— Сытый я стал, — сказал Бум. — Спокойный. Женился я, ребята.
— Что за вздор! — вырвалось у Лагуны.
— Угораздило, — сказал я. — Как же ты так оплошал?
— Да как… — улыбнулся Бум. — Известно как. Быстрые ножки, алые губки… Закружило.
— Н-да, — сказал Лагуна. — Дети есть?
— Будут, — сказал Бум. — У меня будет большая семья. А мне нравится, как хотите. И не тянет никуда. Ночью остановишь машину, остыть, разляжешься на траве, заложишь руки за голову и думаешь — хорошо!

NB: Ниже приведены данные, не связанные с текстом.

lemma value_eq_0_imp_policy_step:
  assumes "k < N" and "x \<in> X" and "J k x = 0"
  shows "x \<in> T k" and "\<And>w. w \<in> E \<Longrightarrow> J (Suc k) (f k x (mu k x) + w) = 0"
proof -
  have u: "mu k x \<in> U" using policy_in_U[OF assms(1,2)] .
  have cost: "worst_case_cost k x (mu k x) = 0"
    using policy_minimizes[OF assms(1,2)] assms(3) by (simp add: worst_case_cost_def)
  have both_0: "J (Suc k) (f k x (mu k x) + w) = 0 \<and> stage_cost T k x = 0" if w: "w \<in> E" for w
    using summand_le_worst_case_cost[OF assms(1,2) u w] cost stage_cost_bounds(1)[of T k x]
      value_bounds[of "Suc k", OF _ step_in_X[OF assms(1,2) u w]] assms(1)
    by (simp del: stage_cost_eq_0_iff)
  obtain w where "w \<in> E" using E_nonempty by blast
  then show "x \<in> T k" using both_0 by simp
  show "\<And>w. w \<in> E \<Longrightarrow> J (Suc k) (f k x (mu k x) + w) = 0" using both_0 by simp
qed

lemma value_eq_0I:
  assumes "k < N" and "x \<in> T k" and "u \<in> U"
    and succ_0: "\<And>w. w \<in> E \<Longrightarrow> J (Suc k) (f k x u + w) = 0"
  shows "J k x = 0"
proof -
  have x: "x \<in> X" using assms(1,2) tube_in_X[of k] by auto
  have "worst_case_cost k x u = (SUP w\<in>E. 0)"
    unfolding worst_case_cost_def using succ_0 assms(2) by (intro SUP_cong) auto
  also have "\<dots> = 0" using E_nonempty by simp
  finally show ?thesis
    using value_le_worst_case_cost[OF assms(1) x assms(3)] value_bounds[of k x] assms(1) x
    by simp
qed

lemma value_eq_0_imp_in_tube:
  assumes "k \<le> N" and "x \<in> X" and "J k x = 0"
  shows "x \<in> T k"
proof (cases "k = N")
  case True
  then show ?thesis using assms value_terminal by simp
next
  case False
  then show ?thesis using assms value_eq_0_imp_policy_step(1) by simp
qed

lemma value_eq_0_along_robust_traj:
  assumes "k < N" and "y \<in> T k"
    and nu_in_U: "\<forall>t\<in>{k..<N}. \<forall>x\<in>X. nu t x \<in> U"
    and robust: "\<And>ws. \<forall>t\<in>{k..<N}. ws t \<in> E \<Longrightarrow> \<forall>t\<in>{k+1..N}. traj f nu k y ws (t - k) \<in> T t"
    and "j \<le> N - k" and "\<forall>t\<in>{k..<N}. ws t \<in> E"
  shows "J (k + j) (traj f nu k y ws j) = 0"
  using assms(5,6)
proof (induction j arbitrary: ws rule: inc_induct)
  case base
  then have "traj f nu k y ws (N - k) \<in> T N"
    using robust[of ws] assms(1) by auto
  then show ?case
    using assms(1) tube_in_X[of N] value_terminal by auto
next
  case (step j)
  have kj: "k + j < N" using step.hyps(2) by simp
  define x where "x = traj f nu k y ws j"
  define u where "u = nu (k + j) x"
  have x_tube: "x \<in> T (k + j)"
  proof (cases j)
    case 0
    then show ?thesis using assms(2) by (simp add: x_def)
  next
    case (Suc i)
    then have "k + j \<in> {k+1..N}" using kj by simp
    then have "traj f nu k y ws (k + j - k) \<in> T (k + j)" using robust[OF step.prems] by blast
    then show ?thesis by (simp add: x_def)
  qed
  then have "x \<in> X" using tube_in_X[of "k + j"] kj by auto
  then have u: "u \<in> U" using nu_in_U kj by (simp add: u_def)
  have "J (Suc (k + j)) (f (k + j) x u + w) = 0" if w: "w \<in> E" for w
  proof -
    \<comment> \<open>the trajectory up to time \<open>k + j\<close> does not see \<open>ws (k + j)\<close>, so it may be replaced by \<open>w\<close>\<close>
    let ?ws' = "ws(k + j := w)"
    have "traj f nu k y ?ws' j = x"
      unfolding x_def by (rule traj_cong_prefix) simp
    then have "traj f nu k y ?ws' (Suc j) = f (k + j) x u + w"
      by (simp add: u_def)
    moreover have "\<forall>t\<in>{k..<N}. ?ws' t \<in> E" using step.prems w by simp
    then have "J (k + Suc j) (traj f nu k y ?ws' (Suc j)) = 0" by (rule step.IH)
    ultimately show ?thesis by (metis add_Suc_right)
  qed
  then show ?case
    using value_eq_0I[OF kj x_tube u] by (simp add: x_def)
qed

lemma value_eq_0_on_reach_set:
  assumes "k < N" and "y \<in> reach_set f X U N T E k"
  shows "J k y = 0"
proof -
  obtain nu where "y \<in> T k" and "\<forall>t\<in>{k..<N}. \<forall>x\<in>X. nu t x \<in> U"
    and "\<And>ws. \<forall>t\<in>{k..<N}. ws t \<in> E \<Longrightarrow> \<forall>t\<in>{k+1..N}. traj f nu k y ws (t - k) \<in> T t"
    using assms by (auto simp: reach_set_def)
  moreover obtain w where "w \<in> E" using E_nonempty by blast
  ultimately show ?thesis
    using value_eq_0_along_robust_traj[of k y nu 0 "\<lambda>_. w"] assms(1) by simp
qed

lemma policy_traj_value_eq_0:
  assumes "J k y = 0" and "y \<in> X" and "\<forall>t\<in>{k..<N}. ws t \<in> E" and "j \<le> N - k"
  shows "traj f mu k y ws j \<in> X \<and> J (k + j) (traj f mu k y ws j) = 0"
  using assms(4)
proof (induction j)
  case 0
  then show ?case using assms(1,2) by simp
next
  case (Suc j)
  then have kj: "k + j < N" by simp
  with Suc assms(3) show ?case
    using step_in_X[OF kj _ policy_in_U[OF kj]] value_eq_0_imp_policy_step(2)[OF kj] by simp
qed

lemma policy_robustly_safe:
  assumes "J k y = 0" and "y \<in> X" and "\<forall>t\<in>{k..<N}. ws t \<in> E"
  shows "\<forall>t\<in>{k+1..N}. traj f mu k y ws (t - k) \<in> T t"
proof
  fix t assume t: "t \<in> {k+1..N}"
  then have "t - k \<le> N - k" by (simp add: diff_le_mono)
  from policy_traj_value_eq_0[OF assms this]
  have "traj f mu k y ws (t - k) \<in> X \<and> J t (traj f mu k y ws (t - k)) = 0"
    using t by simp
  then show "traj f mu k y ws (t - k) \<in> T t"
    using value_eq_0_imp_in_tube t by simp
qed

end

theorem proposition1:
  fixes N :: nat
    and X W :: "(real ^ 'n) set"
    and U :: "(real ^ 'm) set"
    and f :: "nat \<Rightarrow> real ^ 'n \<Rightarrow> real ^ 'm \<Rightarrow> real ^ 'n"
    and T :: "nat \<Rightarrow> (real ^ 'n) set"
    and Pw :: "(real ^ 'n) measure"
    and E :: "(real ^ 'n) set"
    and J :: "nat \<Rightarrow> real ^ 'n \<Rightarrow> real"
    and mu :: "nat \<Rightarrow> real ^ 'n \<Rightarrow> real ^ 'm"
  assumes N_pos: "N > 0"
    and W_zero: "0 \<in> W"
    and f_maps: "\<forall>k<N. \<forall>x\<in>X. \<forall>u\<in>U. f k x u \<in> X"
    and X_closed_dist: "\<forall>x\<in>X. \<forall>w\<in>W. x + w \<in> X"
    and tube_sub: "\<forall>k\<le>N. T k \<subseteq> X"
    and tube_closed: "\<forall>k\<le>N. closed (T k)"
    and U_compact: "compact U"
    and f_cont: "\<forall>k<N. continuous_on (X \<times> U) (\<lambda>(x, u). f k x u)"
    and Pw_prob: "prob_space Pw"
    and Pw_sets: "sets Pw = sets borel"
    and Pw_on_W: "W \<in> sets borel" "emeasure Pw W = 1"
    and Pw_ac: "absolutely_continuous lborel Pw"
    and E_meas: "E \<in> sets borel"
    and E_sub: "E \<subseteq> W"
    and E_pos: "measure Pw E > 0"
    and J_N: "\<forall>x\<in>X. J N x = stage_cost T N x"
    and J_rec: "\<forall>k<N. \<forall>x\<in>X.
                  J k x = (INF u\<in>U. SUP w\<in>E. J (Suc k) (f k x u + w) + stage_cost T k x)"
    and mu_in_U: "\<forall>k<N. \<forall>x\<in>X. mu k x \<in> U"
    and mu_meas: "\<forall>k<N. mu k \<in> borel_measurable (restrict_space borel X)"
    and mu_min: "\<forall>k<N. \<forall>x\<in>X.
                  (SUP w\<in>E. J (Suc k) (f k x (mu k x) + w) + stage_cost T k x) = J k x"
  shows "\<forall>k<N. \<forall>y\<in>reach_set f X U N T E k. cond_safety_prob Pw f mu N T E k y = 1"
  \<comment> \<open>The topological and measurability hypotheses only serve to construct \<open>mu\<close>, which is given here.\<close>
proof (intro allI impI ballI)
  fix k y
  assume k: "k < N" and y: "y \<in> reach_set f X U N T E k"
  interpret minmax_reachability N X U f T E J mu
  proof
    show "E \<noteq> {}" using E_pos by auto
  qed (use f_maps X_closed_dist E_sub tube_sub J_N J_rec mu_in_U mu_min in auto)
  have "J k y = 0" using value_eq_0_on_reach_set[OF k y] .
  moreover have "y \<in> X" using y k tube_in_X[of k] by (auto simp: reach_set_def)
  moreover have "E \<in> sets Pw" using E_meas Pw_sets by simp
  ultimately show "cond_safety_prob Pw f mu N T E k y = 1"
    using cond_safety_prob_eq_1I[OF Pw_prob _ E_pos] policy_robustly_safe by blast
qed

end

Он был миролюбивым парнем, симпатягой, и теперь всё меньше в нём было безотказной экспансивности, присущей его натуре.
— Это, конечно, неплохо, — рассеянно сказал Лагуна. — Без няньки.
Я был уверен, что он сейчас мыслями ушёл к обсерватории, к высокогорью, где он будет рядом с Мимикой. Мимика хорошая девочка, но мне она всегда казалась несколько бесцветной, а тут раз и — чувство. Раньше это слово нас очень смешило. Смешное слово.
— Значит, гуляем в последний раз? — сказал я.
— Почему в последний? — сказал Лагуна. — Я думаю, мы ещё увидимся.
Я горько усмехнулся.
— Разве что случайно.
— Мир тесен, — сказал Бум. — Увидимся.
— Моё окно всегда открыто, — сказал я.
— Я, пожалуй, тоже пойду, — сказал Лагуна.
— Пока, Лагуна, — сказал я.
Я хотел сказать «прощай».
— Пока, Пик, — сказал Лагуна.
— Ты уходишь? — спросил Бум.
— Да, мы пойдём, — сказал Лагуна. — Я провожу Мимику.
Он тоже ушёл. Я запомнил его последнюю улыбку.
— А как ты с женой живёшь? — спросил я у Бума.
— Знаешь, неплохо. Совсем неплохо.
Я покивал понимающе и сдвинул две бутылки боками.
— Напьёмся? — сказал я.
— Можно, — сказал Бум. — Сегодня можно.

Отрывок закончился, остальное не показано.